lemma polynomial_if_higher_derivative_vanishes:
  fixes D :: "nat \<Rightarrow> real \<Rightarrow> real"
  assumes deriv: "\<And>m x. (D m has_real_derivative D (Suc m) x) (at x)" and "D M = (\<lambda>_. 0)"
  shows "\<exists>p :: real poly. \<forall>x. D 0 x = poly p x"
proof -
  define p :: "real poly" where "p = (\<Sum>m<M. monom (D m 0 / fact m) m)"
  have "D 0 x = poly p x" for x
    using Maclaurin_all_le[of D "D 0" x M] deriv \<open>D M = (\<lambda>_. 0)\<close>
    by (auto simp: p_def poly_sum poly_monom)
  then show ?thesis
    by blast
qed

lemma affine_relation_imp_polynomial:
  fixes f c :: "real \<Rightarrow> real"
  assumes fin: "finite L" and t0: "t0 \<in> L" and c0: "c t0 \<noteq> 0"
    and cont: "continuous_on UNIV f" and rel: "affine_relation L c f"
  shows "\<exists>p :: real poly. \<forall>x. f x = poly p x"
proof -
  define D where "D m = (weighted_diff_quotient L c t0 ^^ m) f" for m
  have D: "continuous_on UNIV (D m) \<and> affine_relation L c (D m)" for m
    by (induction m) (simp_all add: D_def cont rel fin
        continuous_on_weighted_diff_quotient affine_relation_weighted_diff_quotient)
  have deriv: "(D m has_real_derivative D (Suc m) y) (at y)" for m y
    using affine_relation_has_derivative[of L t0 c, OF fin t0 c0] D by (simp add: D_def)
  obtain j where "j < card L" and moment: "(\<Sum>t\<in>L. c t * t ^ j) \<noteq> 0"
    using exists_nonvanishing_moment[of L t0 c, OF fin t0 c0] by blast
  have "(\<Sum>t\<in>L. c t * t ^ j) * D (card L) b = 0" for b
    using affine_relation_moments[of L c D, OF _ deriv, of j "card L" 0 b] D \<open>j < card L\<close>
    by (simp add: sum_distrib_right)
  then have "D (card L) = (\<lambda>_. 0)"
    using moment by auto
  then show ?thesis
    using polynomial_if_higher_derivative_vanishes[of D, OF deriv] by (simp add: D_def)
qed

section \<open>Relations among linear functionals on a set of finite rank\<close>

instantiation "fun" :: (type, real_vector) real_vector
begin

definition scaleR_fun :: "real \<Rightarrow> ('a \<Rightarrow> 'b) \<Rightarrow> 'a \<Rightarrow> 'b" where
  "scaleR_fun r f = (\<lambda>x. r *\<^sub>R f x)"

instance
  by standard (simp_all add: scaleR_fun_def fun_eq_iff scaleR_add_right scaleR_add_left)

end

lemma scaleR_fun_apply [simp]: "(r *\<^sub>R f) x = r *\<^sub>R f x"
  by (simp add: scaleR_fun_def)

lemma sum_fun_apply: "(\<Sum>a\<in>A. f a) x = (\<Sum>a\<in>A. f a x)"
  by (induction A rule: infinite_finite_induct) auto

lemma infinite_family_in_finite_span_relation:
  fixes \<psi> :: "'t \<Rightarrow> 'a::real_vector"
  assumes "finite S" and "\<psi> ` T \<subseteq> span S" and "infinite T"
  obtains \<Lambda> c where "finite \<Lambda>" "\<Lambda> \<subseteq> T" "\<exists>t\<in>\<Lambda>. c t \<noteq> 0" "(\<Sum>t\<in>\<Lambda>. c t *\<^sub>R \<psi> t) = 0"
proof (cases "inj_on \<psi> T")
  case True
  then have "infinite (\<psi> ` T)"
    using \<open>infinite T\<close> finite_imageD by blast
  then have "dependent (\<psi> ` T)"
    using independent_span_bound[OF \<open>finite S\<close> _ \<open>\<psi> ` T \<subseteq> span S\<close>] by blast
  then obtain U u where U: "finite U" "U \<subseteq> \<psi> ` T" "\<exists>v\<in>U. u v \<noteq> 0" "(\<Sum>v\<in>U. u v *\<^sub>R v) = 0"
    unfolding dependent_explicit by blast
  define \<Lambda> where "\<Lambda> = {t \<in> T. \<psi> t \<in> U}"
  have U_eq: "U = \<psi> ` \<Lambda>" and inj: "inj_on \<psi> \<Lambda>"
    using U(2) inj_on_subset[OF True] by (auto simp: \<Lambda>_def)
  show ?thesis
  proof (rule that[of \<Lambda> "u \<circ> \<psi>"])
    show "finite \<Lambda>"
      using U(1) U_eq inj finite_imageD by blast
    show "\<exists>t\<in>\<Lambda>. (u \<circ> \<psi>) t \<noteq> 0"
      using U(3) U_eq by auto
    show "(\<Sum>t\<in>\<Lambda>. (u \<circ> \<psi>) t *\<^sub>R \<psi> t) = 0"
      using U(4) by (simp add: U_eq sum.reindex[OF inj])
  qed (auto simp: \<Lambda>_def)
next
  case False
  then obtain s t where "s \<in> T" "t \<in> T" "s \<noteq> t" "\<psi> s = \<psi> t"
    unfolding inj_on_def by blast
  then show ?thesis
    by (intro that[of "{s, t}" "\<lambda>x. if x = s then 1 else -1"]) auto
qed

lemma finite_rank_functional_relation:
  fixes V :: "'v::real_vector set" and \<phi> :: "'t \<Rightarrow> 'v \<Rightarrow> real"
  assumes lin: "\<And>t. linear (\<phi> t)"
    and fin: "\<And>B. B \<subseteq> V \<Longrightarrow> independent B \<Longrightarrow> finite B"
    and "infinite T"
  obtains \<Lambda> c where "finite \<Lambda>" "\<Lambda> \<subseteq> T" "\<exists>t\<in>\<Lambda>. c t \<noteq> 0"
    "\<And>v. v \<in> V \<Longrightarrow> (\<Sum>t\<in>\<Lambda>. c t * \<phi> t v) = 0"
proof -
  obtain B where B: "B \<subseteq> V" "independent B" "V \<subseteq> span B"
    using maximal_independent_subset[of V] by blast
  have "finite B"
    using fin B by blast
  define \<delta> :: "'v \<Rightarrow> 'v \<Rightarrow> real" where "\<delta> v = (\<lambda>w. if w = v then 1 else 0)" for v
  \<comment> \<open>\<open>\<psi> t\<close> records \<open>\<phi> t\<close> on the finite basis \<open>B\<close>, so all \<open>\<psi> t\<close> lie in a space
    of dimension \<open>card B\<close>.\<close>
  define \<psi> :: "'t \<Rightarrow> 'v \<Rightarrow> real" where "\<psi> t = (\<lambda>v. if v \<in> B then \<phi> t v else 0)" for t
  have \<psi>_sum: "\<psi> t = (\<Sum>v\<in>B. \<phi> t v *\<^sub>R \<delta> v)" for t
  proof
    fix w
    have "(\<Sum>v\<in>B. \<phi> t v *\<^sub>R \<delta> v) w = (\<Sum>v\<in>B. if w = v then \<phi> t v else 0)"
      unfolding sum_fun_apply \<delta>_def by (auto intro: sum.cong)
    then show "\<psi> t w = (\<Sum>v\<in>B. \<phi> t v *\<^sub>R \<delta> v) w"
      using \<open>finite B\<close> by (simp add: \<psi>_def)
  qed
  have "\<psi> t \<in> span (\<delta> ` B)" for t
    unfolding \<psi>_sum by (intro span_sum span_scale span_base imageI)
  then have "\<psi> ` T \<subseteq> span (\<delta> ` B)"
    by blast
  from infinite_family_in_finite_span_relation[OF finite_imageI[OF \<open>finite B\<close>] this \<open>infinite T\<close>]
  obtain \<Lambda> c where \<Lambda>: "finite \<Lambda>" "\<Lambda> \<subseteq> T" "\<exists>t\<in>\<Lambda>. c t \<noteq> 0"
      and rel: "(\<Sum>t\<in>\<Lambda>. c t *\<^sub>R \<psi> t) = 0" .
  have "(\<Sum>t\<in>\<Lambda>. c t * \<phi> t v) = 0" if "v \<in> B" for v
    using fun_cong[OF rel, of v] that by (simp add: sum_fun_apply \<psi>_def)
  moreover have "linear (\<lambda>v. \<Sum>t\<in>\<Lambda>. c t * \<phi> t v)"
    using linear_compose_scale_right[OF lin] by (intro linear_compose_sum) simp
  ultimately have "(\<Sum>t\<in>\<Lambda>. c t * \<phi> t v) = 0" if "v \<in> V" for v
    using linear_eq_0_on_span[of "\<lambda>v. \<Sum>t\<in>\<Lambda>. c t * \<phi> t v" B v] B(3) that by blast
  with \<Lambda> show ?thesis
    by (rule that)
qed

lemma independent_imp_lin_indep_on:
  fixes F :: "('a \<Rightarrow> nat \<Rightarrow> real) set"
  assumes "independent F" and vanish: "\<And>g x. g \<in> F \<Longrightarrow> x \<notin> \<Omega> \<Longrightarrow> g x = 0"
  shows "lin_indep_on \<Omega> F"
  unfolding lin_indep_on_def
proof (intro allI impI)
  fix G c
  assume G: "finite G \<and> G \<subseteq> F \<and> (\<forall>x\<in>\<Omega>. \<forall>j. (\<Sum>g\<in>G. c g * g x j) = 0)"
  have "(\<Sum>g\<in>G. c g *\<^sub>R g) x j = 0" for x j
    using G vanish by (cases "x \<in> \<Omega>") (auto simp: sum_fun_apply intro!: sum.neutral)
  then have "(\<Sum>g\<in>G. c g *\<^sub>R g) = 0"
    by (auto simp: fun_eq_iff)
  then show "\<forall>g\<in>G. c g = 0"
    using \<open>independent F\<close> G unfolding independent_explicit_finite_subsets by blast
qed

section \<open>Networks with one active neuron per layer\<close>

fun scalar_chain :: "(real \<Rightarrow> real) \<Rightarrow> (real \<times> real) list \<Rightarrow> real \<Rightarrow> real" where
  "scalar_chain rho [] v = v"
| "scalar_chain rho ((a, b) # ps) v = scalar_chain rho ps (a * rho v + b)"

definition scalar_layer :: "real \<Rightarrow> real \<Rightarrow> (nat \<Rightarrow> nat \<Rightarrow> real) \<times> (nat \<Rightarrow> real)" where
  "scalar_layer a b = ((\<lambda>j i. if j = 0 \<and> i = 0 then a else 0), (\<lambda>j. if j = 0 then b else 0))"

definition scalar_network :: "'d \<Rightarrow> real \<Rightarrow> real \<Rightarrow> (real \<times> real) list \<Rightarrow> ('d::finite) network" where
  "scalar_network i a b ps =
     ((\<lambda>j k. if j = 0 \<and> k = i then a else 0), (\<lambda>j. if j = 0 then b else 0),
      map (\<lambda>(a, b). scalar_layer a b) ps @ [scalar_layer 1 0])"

**PROBLEM TO SOLVE**
Using the entries above, give again exactly the lines from the line holding "(u \<circ> \<psi>) t *\<^sub>R" through the line holding "v = (\<lambda>w.". Include both end lines and nothing else.

**OUTPUT FOR THIS TASK**
    show "(\<Sum>t\<in>\<Lambda>. (u \<circ> \<psi>) t *\<^sub>R \<psi> t) = 0"
      using U(4) by (simp add: U_eq sum.reindex[OF inj])
  qed (auto simp: \<Lambda>_def)
next
  case False
  then obtain s t where "s \<in> T" "t \<in> T" "s \<noteq> t" "\<psi> s = \<psi> t"
    unfolding inj_on_def by blast
  then show ?thesis
    by (intro that[of "{s, t}" "\<lambda>x. if x = s then 1 else -1"]) auto
qed

lemma finite_rank_functional_relation:
  fixes V :: "'v::real_vector set" and \<phi> :: "'t \<Rightarrow> 'v \<Rightarrow> real"
  assumes lin: "\<And>t. linear (\<phi> t)"
    and fin: "\<And>B. B \<subseteq> V \<Longrightarrow> independent B \<Longrightarrow> finite B"
    and "infinite T"
  obtains \<Lambda> c where "finite \<Lambda>" "\<Lambda> \<subseteq> T" "\<exists>t\<in>\<Lambda>. c t \<noteq> 0"
    "\<And>v. v \<in> V \<Longrightarrow> (\<Sum>t\<in>\<Lambda>. c t * \<phi> t v) = 0"
proof -
  obtain B where B: "B \<subseteq> V" "independent B" "V \<subseteq> span B"
    using maximal_independent_subset[of V] by blast
  have "finite B"
    using fin B by blast
  define \<delta> :: "'v \<Rightarrow> 'v \<Rightarrow> real" where "\<delta> v = (\<lambda>w. if w = v then 1 else 0)" for v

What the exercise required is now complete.